Stacey, nestled in his arms, wondered why she felt, illogically, like a liar and a cheat.
CHAPTER SIX
Saturday was an ideal day for tramping. High cloud prevented the sun from blazing too hotly, and the faintest whisper of a breeze stirred the air as they arrived at the starting point. Alex had driven them in his car, and picked up another member of the club on the way.
The first part of the walk was along a beach for about a mile. The sand was dark, containing iron, and the breakers which pounded on to the beach were high-piled and turbulent.
They left the beach, the marks of thirty-odd pairs of boots now marring its smooth surface, and clambered over smooth rocks to negotiate a hair-raising path up the cliffs and enter the bush. The vegetation here was fairly sparse, the manuka dry-looking and scraggy, and leaning inland with the influence of constant sea-breezes.

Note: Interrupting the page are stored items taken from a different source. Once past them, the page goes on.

(* Let $(p_k)_{k\in\mathbb N}$ be a probability distribution on $\mathbb N$ with $p_k>0$ for infinitely many $k$, let $\rho(t):=\#\{k\in\mathbb N:p_k\ge t^{-1}\}$ for $t>0$, and let $g$ be a function slowly varying at $\infty$. The following are equivalent: (a) $\sum_{k\ge1}p_k\mathbf 1_{\{p_k\le t\}}\sim t\,g(1/t)$ as $t\to0+$; (b) for all $\lambda>0$, $\lim_{t\to\infty}\frac{\rho(\lambda t)-\rho(t)}{g(t)}=\log\lambda$. *)

theory Defs
  imports "HOL-Analysis.Analysis" "HOL-Library.Landau_Symbols"
begin

definition slowly_varying :: "(real \<Rightarrow> real) \<Rightarrow> bool" where
  "slowly_varying g \<longleftrightarrow>
     g \<in> borel_measurable borel \<and>
     (\<forall>\<^sub>F x in at_top. g x > 0) \<and>
     (\<forall>lam>0. ((\<lambda>x. g (lam * x) / g x) \<longlongrightarrow> 1) at_top)"

definition rho :: "(nat \<Rightarrow> real) \<Rightarrow> real \<Rightarrow> nat" where
  "rho p t = card {k. 1 \<le> k \<and> p k \<ge> inverse t}"

end

(*
  Let V(x) be the total mass of the atoms p_k < 1/x and N = rho. An atom counted by N(y) - N(x)
  has mass in [1/y, 1/x), so (N(y) - N(x))/y <= V(x) - V(y) <= (N(y) - N(x))/x. Condition (a)
  says x V(x) ~ g(x); whether atoms p_k = t are truncated or not is immaterial, because g is
  slowly varying.

  If x V(x) ~ g(x), cut [t, lambda t] into n blocks of ratio mu = lambda^(1/n): the two-sided
  estimate gives n (1 - 1/mu) <= (N(lambda t) - N(t))/g(t) <= n (mu - 1) asymptotically, and
  both bounds tend to ln lambda as n -> oo. Conversely, sum the estimate over the blocks
  [mu^j x, mu^(j+1) x], j >= 0: the increments of N over them are ~ ln mu g(mu^j x), and the
  Potter-type bound g(mu^j x) <= (1 + d)^j g(x) yields
  ln mu/(mu - 1) <= liminf x V(x)/g(x) <= limsup x V(x)/g(x) <= mu ln mu/(mu - 1); let mu -> 1.
*)

theory Submission
  imports Defs "HOL-Real_Asymp.Real_Asymp"
begin

lemma filterlim_mult_const_at_top: "(c::real) > 0 \<Longrightarrow> filterlim (\<lambda>x. c * x) at_top at_top"
  by (rule filterlim_tendsto_pos_mult_at_top[OF tendsto_const]) (auto simp: filterlim_ident)

lemma tendsto_compose_mult_at_top:
  "(c::real) > 0 \<Longrightarrow> (f \<longlongrightarrow> L) at_top \<Longrightarrow> ((\<lambda>x. f (c * x)) \<longlongrightarrow> L) at_top"
  using filterlim_compose filterlim_mult_const_at_top by blast

lemma eventually_compose_mult_at_top:
  "(c::real) > 0 \<Longrightarrow> eventually P at_top \<Longrightarrow> eventually (\<lambda>x. P (c * x)) at_top"
  using filterlim_mult_const_at_top filterlim_iff by blast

The narrow path which they traversed in single file dipped into a marshy valley where their boots squelched into patches of mud among raupo reeds with their cylindrical, furry brown heads. They carefully skirted clumps of toi-toi, about six feet tall with softly waving white banners of plumes, but guarded by their leaves which were narrow and gracefully curved, but with edges as sharp as razor blades, and capable of making a nasty stinging cut if one passed too close.
Then they were climbing again, into thicker bush, where the manuka mingled with tree-ferns and nikau palms, and a variety of native trees. The path was well-defined, but on either side the forest floor was covered with a thick layer of fallen leaves and a carpet of creeping vegetation and small leafy plants.
The laughter and talk with which the party had greeted the early part of the expedition began to fade into only occasional remarks or jokes, the muffled sound of their boots accompanied only by heavy breathing as the going became steeper.